The signing is textbook JWT — base64url-encode header and payload, HMAC-SHA256 sign the `header.payload` string, base64url-encode the signature:
```typescript
const header = base64urlEncode(
encoder.encode(JSON.stringify({ alg: "HS256", typ: "JWT" })),
);
const body = base64urlEncode(
encoder.encode(JSON.stringify(payload)),
);
const sigInput = encoder.encode(`${header}.${body}`);
const sig = await hmacSign(sigInput, secret);
return `${header}.${body}.${base64urlEncode(sig)}`;
```
Verification checks signature, then expiry. Token is scoped to a specific file — the handler validates `payload.fid === fileId` on every request.
Secret comes from the `WOPI_JWT_SECRET` env var. Default is `dev-wopi-secret-change-in-production` — the name is the reminder.
---
## Lock Service
Locks live in Valkey (Redis-compatible) with a 30-minute TTL. The key format is `wopi:lock:{fileId}`.
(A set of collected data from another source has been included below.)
(* Let $n\ge2$, $\tau_1,\dots,\tau_n\in\mathbb{C}$, $\vartheta\notin-\mathbb{N}$ (and $\vartheta\neq0$). Then, as identities of formal power series in the variables $z_{j,k}$ ($1\le k<j\le n$): for $1\le r_1<r_2\le n-1$, $$\partial_{z_{r_2,r_1}}(\mathcal{X}_A)=\sum_{s=1}^{r_1}\tau_sP_{[s,r_1]}\,\mathcal{X}_A[s,r_2],$$ and for $r\in\{1,\dots,n-1\}$, $$\partial_{z_{n,r}}(\mathcal{X}_A)=\frac{\tau_n}{\vartheta}\sum_{s=1}^{r}\tau_sP_{[s,r]}\,\mathcal{X}_A[s,n].$$
   Context: $(c)_i=c(c+1)\cdots(c+i-1)$. $\Gamma_A=\bigoplus_{1\le j<i\le n}\mathbb{N}\epsilon_{i,j}$; for $\beta\in\Gamma_A$: $\beta_{\underline 1}=0$, $\beta_{\underline i}=\sum_{r=1}^{i-1}\beta_{i,r}$, $\beta_{\overline n}=0$, $\beta_{\overline j}=\sum_{s=j+1}^n\beta_{s,j}$, $\beta!=\prod\beta_{j,k}!$, $z^\beta=\prod z_{j,k}^{\beta_{j,k}}$. $\mathcal{X}_A=\mathcal{X}_A(\tau_1,\dots,\tau_n;\vartheta)\{z_{j,k}\}=\sum_{\beta\in\Gamma_A}\frac{\left[\prod_{s=1}^{n-1}(\tau_s-\beta_{\underline s})_{\beta_{\overline s}}\right](\tau_n)_{\beta_{\underline n}}}{\beta!\,(\vartheta)_{\beta_{\underline n}}}z^\beta$. For $1\le i<j\le n-1$, $\mathcal{X}_A[i,j]$ is $\mathcal{X}_A$ with $\tau_i$ replaced by $\tau_i+1$ and $\tau_j$ by $\tau_j-1$; for $k\le n-1$, $\mathcal{X}_A[k,n]$ is $\mathcal{X}_A$ with $\tau_k\to\tau_k+1$, $\tau_n\to\tau_n+1$, $\vartheta\to\vartheta+1$ (and $\mathcal{X}_A[k,k]$, $\mathcal X_A[k,n]$ for the evident index ranges are defined by these rules). Path polynomials: for positive integers $k_1<k_2$, a path from $k_1$ to $k_2$ is a sequence $k_1=m_0<m_1<\cdots<m_r=k_2$, and $P_{[k_1,k_2]}=\sum_{\text{paths}}(-1)^rz_{m_1,m_0}z_{m_2,m_1}\cdots z_{m_r,m_{r-1}}$; $P_{[k,k]}=1$. *)

theory Defs
  imports Complex_Main
begin

text \<open>Formal power series in the variables z_{j,k} (1 <= k < j <= n) are represented
by their coefficient functions: a multi-index beta is a function
(nat * nat) => nat (beta (j,k) is the exponent of z_{j,k}), and a series is a
map from multi-indices to complex coefficients.\<close>

type_synonym mindex = "nat \<times> nat \<Rightarrow> nat"
type_synonym fps_A = "mindex \<Rightarrow> complex"

definition idxA :: "nat \<Rightarrow> (nat \<times> nat) set" where
  "idxA n = {(j, k). 1 \<le> k \<and> k < j \<and> j \<le> n}"

definition GammaA :: "nat \<Rightarrow> mindex set" where
  "GammaA n = {\<beta>. \<forall>p. \<beta> p \<noteq> 0 \<longrightarrow> p \<in> idxA n}"

definition beta_under :: "mindex \<Rightarrow> nat \<Rightarrow> nat" where
  "beta_under \<beta> i = (\<Sum>r = 1..<i. \<beta> (i, r))"

definition beta_over :: "nat \<Rightarrow> mindex \<Rightarrow> nat \<Rightarrow> nat" where
  "beta_over n \<beta> j = (\<Sum>s = j+1..n. \<beta> (s, j))"

definition beta_fact :: "nat \<Rightarrow> mindex \<Rightarrow> nat" where
  "beta_fact n \<beta> = (\<Prod>p\<in>idxA n. fact (\<beta> p))"

definition XA :: "nat \<Rightarrow> (nat \<Rightarrow> complex) \<Rightarrow> complex \<Rightarrow> fps_A" where
  "XA n \<tau> \<theta> \<beta> =
     (if \<beta> \<in> GammaA n then
        ((\<Prod>s = 1..n-1. pochhammer (\<tau> s - of_nat (beta_under \<beta> s)) (beta_over n \<beta> s))
          * pochhammer (\<tau> n) (beta_under \<beta> n))
        / (of_nat (beta_fact n \<beta>) * pochhammer \<theta> (beta_under \<beta> n))
      else 0)"

definition XA_shift :: "nat \<Rightarrow> (nat \<Rightarrow> complex) \<Rightarrow> complex \<Rightarrow> nat \<Rightarrow> nat \<Rightarrow> fps_A" where
  "XA_shift n \<tau> \<theta> i j = XA n (\<tau>(i := \<tau> i + 1, j := \<tau> j - 1)) \<theta>"

definition XA_shift_n :: "nat \<Rightarrow> (nat \<Rightarrow> complex) \<Rightarrow> complex \<Rightarrow> nat \<Rightarrow> fps_A" where
  "XA_shift_n n \<tau> \<theta> k = XA n (\<tau>(k := \<tau> k + 1, n := \<tau> n + 1)) (\<theta> + 1)"

definition fps_deriv_A :: "nat \<times> nat \<Rightarrow> fps_A \<Rightarrow> fps_A" where
  "fps_deriv_A p F \<beta> = of_nat (\<beta> p + 1) * F (\<beta>(p := \<beta> p + 1))"

definition fps_mult_A :: "fps_A \<Rightarrow> fps_A \<Rightarrow> fps_A" where
  "fps_mult_A F G \<beta> = (\<Sum>\<gamma>\<in>{\<gamma>. \<forall>p. \<gamma> p \<le> \<beta> p}. F \<gamma> * G (\<lambda>p. \<beta> p - \<gamma> p))"

definition fps_scale_A :: "complex \<Rightarrow> fps_A \<Rightarrow> fps_A" where
  "fps_scale_A c F \<beta> = c * F \<beta>"

definition fps_add_A :: "fps_A \<Rightarrow> fps_A \<Rightarrow> fps_A" where
  "fps_add_A F G \<beta> = F \<beta> + G \<beta>"

definition fps_sum_A :: "(nat \<Rightarrow> fps_A) \<Rightarrow> nat set \<Rightarrow> fps_A" where
  "fps_sum_A F S \<beta> = (\<Sum>s\<in>S. F s \<beta>)"

definition paths :: "nat \<Rightarrow> nat \<Rightarrow> nat list set" where
  "paths k1 k2 = {ms. ms \<noteq> [] \<and> hd ms = k1 \<and> last ms = k2 \<and> sorted_wrt (<) ms}"

text \<open>Exponent of the monomial z_{m_1,m_0} z_{m_2,m_1} ... z_{m_r,m_{r-1}}.\<close>
definition path_exp :: "nat list \<Rightarrow> mindex" where
  "path_exp ms = (\<lambda>(j, k). length (filter (\<lambda>e. e = (k, j)) (zip ms (tl ms))))"

definition path_poly :: "nat \<Rightarrow> nat \<Rightarrow> fps_A" where
  "path_poly k1 k2 \<beta> = (\<Sum>ms\<in>{ms \<in> paths k1 k2. path_exp ms = \<beta>}. (-1) ^ (length ms - 1))"

end

theory Submission
  imports Defs
begin

(*
  Write U_j and V_j for the row and column sums beta_under beta j and beta_over n beta j of a
  multi-index.  Comparing coefficients, the derivative d_{t,r} X_A along z_{t,r} equals
  (tau_r - U_r) Y_r, where Y_s = X_A[s,t] for t < n and Y_s = (tau_n / theta) X_A[s,n] for t = n:
  the extra exponent raises V_r, and (a)_{m+1} = a (a+1)_m turns this into the factor
  tau_r - U_r and the shift tau_r + 1, while raising U_t amounts to shifting tau_t (or tau_n
  and theta).  In the same way z_{s,r} d_{t,r} X_A has coefficient beta_{s,r} Y_s.  Summing
  over r < s and using U_s = sum_r beta_{s,r} gives the triangular system
      tau_s Y_s = d_{t,s} X_A + sum_{r<s} z_{s,r} d_{t,r} X_A.
  Its matrix 1 + (z_{s,r}) is unipotent, and the path polynomials are the entries of its
  inverse: removing the last step of a path gives P_{[s,r1]} = - sum_r z_{r1,r} P_{[s,r]}.
*)

section \<open>Paths and path polynomials\<close>

definition fps_mult_var_A :: "nat \<times> nat \<Rightarrow> fps_A \<Rightarrow> fps_A" where
  "fps_mult_var_A p F \<beta> = (if 1 \<le> \<beta> p then F (\<beta>(p := \<beta> p - 1)) else 0)"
From `server/wopi/lock.ts`:
```typescript
const LOCK_TTL_SECONDS = 30 * 60; // 30 minutes
const KEY_PREFIX = "wopi:lock:";
```
The lock service uses an injectable `LockStore` interface:
- **`ValkeyLockStore`** — production, uses ioredis
- **`InMemoryLockStore`** — in-memory Map for tests and local dev
Fallback chain — try Valkey, fall back to in-memory (good enough for local dev, you'd notice in production):
```typescript
function getStore(): LockStore {
if (!_store) {
try {
_store = new ValkeyLockStore();
} catch {
console.warn("WOPI lock: falling back to in-memory store");
_store = new InMemoryLockStore();
}
}
return _store;
}
```
Lock acquisition uses `SET NX EX` (set-if-not-exists with TTL) for atomicity. If the lock exists with the same lock ID, the TTL refreshes instead — Collabora does this "re-lock with same ID" thing and you have to handle it.
---
## Discovery Caching
Collabora publishes a discovery XML at `/hosting/discovery` that maps mimetypes to editor URLs. We cache it for 1 hour:
```typescript
const CACHE_TTL_MS = 60 * 60 * 1000; // 1 hour
```
Retries up to 3 times with exponential backoff (1s, 2s). The XML is parsed with regex — yes, regex for XML, but the discovery format is stable and an XML parser dependency isn't worth it for one endpoint. Pulls `<app name="mimetype">` blocks and extracts `<action name="..." urlsrc="..." />` entries.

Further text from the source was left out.